══ Data under study
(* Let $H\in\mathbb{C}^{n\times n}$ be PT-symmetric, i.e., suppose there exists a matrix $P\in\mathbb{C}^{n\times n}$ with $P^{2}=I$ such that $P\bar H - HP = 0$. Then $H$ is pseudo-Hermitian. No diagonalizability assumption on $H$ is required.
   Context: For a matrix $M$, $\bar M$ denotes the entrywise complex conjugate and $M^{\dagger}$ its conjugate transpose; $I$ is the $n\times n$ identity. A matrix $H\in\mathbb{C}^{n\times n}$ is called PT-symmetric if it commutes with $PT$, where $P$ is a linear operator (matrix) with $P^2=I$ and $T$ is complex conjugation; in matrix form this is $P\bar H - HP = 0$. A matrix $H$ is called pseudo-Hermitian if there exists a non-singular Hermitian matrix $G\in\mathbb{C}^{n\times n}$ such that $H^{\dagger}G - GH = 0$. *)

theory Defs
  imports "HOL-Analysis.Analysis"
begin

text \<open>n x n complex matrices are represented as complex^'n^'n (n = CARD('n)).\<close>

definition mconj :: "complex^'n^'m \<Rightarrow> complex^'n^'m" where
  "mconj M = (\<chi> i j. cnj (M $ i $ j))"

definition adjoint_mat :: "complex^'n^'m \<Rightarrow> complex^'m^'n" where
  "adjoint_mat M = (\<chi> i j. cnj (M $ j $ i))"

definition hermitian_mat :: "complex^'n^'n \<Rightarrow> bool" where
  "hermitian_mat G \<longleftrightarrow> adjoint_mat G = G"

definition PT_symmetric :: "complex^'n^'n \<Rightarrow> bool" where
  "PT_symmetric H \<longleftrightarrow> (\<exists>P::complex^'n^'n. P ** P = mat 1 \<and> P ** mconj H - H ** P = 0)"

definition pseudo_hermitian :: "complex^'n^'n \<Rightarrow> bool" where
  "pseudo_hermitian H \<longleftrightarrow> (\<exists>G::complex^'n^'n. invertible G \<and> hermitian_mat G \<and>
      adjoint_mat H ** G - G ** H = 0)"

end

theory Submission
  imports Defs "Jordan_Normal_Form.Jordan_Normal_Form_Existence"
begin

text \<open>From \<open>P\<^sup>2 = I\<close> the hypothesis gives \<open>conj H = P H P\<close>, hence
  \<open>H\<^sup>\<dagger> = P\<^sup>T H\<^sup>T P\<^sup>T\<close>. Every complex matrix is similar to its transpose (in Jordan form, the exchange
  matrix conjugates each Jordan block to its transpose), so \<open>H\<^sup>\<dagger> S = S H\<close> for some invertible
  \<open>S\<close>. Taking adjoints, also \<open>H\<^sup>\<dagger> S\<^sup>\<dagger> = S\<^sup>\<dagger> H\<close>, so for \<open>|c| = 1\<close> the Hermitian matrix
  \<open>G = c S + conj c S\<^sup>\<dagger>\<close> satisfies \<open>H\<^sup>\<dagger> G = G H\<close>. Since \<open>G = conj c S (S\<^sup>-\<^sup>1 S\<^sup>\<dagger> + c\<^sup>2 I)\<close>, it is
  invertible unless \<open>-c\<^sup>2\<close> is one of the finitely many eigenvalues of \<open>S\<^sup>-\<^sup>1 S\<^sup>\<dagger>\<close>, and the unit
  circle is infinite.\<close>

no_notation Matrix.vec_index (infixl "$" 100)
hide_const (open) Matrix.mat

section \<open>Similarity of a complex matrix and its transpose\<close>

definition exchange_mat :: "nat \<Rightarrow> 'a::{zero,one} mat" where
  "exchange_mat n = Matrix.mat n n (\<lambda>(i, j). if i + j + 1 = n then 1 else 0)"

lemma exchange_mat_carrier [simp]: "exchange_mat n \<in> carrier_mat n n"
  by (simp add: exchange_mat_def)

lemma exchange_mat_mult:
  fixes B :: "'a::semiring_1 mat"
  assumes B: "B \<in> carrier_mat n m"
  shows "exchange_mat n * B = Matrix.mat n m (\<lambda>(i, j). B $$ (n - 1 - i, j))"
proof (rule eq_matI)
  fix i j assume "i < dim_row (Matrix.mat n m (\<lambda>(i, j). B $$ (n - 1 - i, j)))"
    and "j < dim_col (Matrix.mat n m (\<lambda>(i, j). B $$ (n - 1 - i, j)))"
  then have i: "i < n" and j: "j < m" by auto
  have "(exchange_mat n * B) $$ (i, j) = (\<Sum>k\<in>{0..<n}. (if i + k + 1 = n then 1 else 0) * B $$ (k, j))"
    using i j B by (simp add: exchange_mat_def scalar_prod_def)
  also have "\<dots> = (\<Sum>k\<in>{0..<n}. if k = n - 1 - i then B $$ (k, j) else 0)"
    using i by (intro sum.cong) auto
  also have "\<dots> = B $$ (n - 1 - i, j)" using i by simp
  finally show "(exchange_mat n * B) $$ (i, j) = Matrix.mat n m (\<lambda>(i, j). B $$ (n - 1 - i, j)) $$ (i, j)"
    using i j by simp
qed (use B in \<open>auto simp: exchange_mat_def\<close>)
════
══ Data under study
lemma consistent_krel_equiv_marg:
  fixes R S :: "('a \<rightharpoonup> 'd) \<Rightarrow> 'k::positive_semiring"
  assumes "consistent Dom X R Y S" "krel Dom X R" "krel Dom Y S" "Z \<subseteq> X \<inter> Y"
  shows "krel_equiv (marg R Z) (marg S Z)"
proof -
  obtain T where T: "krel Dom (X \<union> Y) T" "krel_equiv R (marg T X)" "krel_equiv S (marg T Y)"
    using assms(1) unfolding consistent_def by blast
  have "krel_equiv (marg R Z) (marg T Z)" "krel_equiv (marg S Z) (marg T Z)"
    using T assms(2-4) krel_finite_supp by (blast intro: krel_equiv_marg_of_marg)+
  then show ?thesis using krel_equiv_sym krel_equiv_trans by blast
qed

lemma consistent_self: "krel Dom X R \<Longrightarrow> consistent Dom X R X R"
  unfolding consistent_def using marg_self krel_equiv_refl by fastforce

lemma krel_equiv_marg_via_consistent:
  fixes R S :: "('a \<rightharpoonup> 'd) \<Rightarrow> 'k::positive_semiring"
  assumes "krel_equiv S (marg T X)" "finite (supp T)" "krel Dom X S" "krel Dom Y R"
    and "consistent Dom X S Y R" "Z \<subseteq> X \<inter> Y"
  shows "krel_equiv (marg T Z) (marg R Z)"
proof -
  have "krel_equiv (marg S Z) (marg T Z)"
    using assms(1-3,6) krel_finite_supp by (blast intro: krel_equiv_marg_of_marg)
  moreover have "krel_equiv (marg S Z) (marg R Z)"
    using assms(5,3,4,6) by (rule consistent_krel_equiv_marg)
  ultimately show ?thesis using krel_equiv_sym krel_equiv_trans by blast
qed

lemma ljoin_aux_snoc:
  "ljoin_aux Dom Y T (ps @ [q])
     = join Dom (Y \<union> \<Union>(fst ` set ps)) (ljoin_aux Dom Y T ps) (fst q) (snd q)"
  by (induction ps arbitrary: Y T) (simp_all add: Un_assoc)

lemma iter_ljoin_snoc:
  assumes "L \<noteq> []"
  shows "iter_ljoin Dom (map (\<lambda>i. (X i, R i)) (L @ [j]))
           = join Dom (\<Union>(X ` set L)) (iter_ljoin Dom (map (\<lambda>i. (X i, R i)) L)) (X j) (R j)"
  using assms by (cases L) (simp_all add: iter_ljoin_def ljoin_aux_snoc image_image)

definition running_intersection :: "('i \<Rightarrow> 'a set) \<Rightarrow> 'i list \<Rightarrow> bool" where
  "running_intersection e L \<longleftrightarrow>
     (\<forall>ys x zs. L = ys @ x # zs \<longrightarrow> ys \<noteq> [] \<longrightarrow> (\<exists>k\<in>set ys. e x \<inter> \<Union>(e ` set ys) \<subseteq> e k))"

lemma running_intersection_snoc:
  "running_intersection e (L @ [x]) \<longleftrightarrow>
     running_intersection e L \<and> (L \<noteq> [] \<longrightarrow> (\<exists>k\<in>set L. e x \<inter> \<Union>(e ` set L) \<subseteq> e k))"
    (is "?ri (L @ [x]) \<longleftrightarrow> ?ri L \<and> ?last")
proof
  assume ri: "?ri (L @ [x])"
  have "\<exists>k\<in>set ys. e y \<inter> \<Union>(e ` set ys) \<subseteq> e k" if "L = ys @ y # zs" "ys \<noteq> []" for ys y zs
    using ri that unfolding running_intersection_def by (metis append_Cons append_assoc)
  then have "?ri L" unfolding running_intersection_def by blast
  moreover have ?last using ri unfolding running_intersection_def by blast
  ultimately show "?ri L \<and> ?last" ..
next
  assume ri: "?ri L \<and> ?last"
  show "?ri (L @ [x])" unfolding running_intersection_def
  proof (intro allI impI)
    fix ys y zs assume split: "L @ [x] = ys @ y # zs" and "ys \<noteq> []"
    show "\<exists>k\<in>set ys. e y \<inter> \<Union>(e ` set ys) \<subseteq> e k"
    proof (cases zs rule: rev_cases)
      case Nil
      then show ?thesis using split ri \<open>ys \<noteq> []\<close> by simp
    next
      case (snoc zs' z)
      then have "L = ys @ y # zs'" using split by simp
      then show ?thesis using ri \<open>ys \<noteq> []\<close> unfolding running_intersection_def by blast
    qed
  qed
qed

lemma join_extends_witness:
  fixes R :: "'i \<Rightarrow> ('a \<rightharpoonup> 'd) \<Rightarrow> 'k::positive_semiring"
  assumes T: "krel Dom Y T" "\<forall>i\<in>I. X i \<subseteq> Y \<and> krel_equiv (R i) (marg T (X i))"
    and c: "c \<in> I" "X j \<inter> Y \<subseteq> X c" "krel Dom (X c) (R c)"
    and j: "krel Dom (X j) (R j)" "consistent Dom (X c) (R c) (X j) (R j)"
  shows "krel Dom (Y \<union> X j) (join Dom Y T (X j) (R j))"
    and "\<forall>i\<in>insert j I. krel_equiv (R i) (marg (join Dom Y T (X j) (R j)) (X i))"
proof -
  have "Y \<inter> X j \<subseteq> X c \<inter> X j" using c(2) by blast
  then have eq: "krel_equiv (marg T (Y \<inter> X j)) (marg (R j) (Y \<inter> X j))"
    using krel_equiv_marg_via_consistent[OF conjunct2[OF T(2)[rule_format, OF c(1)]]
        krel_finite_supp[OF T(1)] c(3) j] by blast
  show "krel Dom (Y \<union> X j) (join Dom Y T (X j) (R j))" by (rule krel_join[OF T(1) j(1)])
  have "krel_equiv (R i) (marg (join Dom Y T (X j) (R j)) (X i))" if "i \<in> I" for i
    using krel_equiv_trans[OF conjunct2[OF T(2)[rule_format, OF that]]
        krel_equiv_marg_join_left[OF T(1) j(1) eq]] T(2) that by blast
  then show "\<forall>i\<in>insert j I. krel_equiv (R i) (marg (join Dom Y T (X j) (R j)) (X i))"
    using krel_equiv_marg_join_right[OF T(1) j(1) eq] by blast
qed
════
- **Your objective**
Each line from the material above that mentions the word "lambda" needs to be copied.

- **Written solution**
  "exchange_mat n = Matrix.mat n n (\<lambda>(i, j). if i + j + 1 = n then 1 else 0)"
  shows "exchange_mat n * B = Matrix.mat n m (\<lambda>(i, j). B $$ (n - 1 - i, j))"
  fix i j assume "i < dim_row (Matrix.mat n m (\<lambda>(i, j). B $$ (n - 1 - i, j)))"
    and "j < dim_col (Matrix.mat n m (\<lambda>(i, j). B $$ (n - 1 - i, j)))"
  finally show "(exchange_mat n * B) $$ (i, j) = Matrix.mat n m (\<lambda>(i, j). B $$ (n - 1 - i, j)) $$ (i, j)"
  shows "iter_ljoin Dom (map (\<lambda>i. (X i, R i)) (L @ [j]))
           = join Dom (\<Union>(X ` set L)) (iter_ljoin Dom (map (\<lambda>i. (X i, R i)) L)) (X j) (R j)"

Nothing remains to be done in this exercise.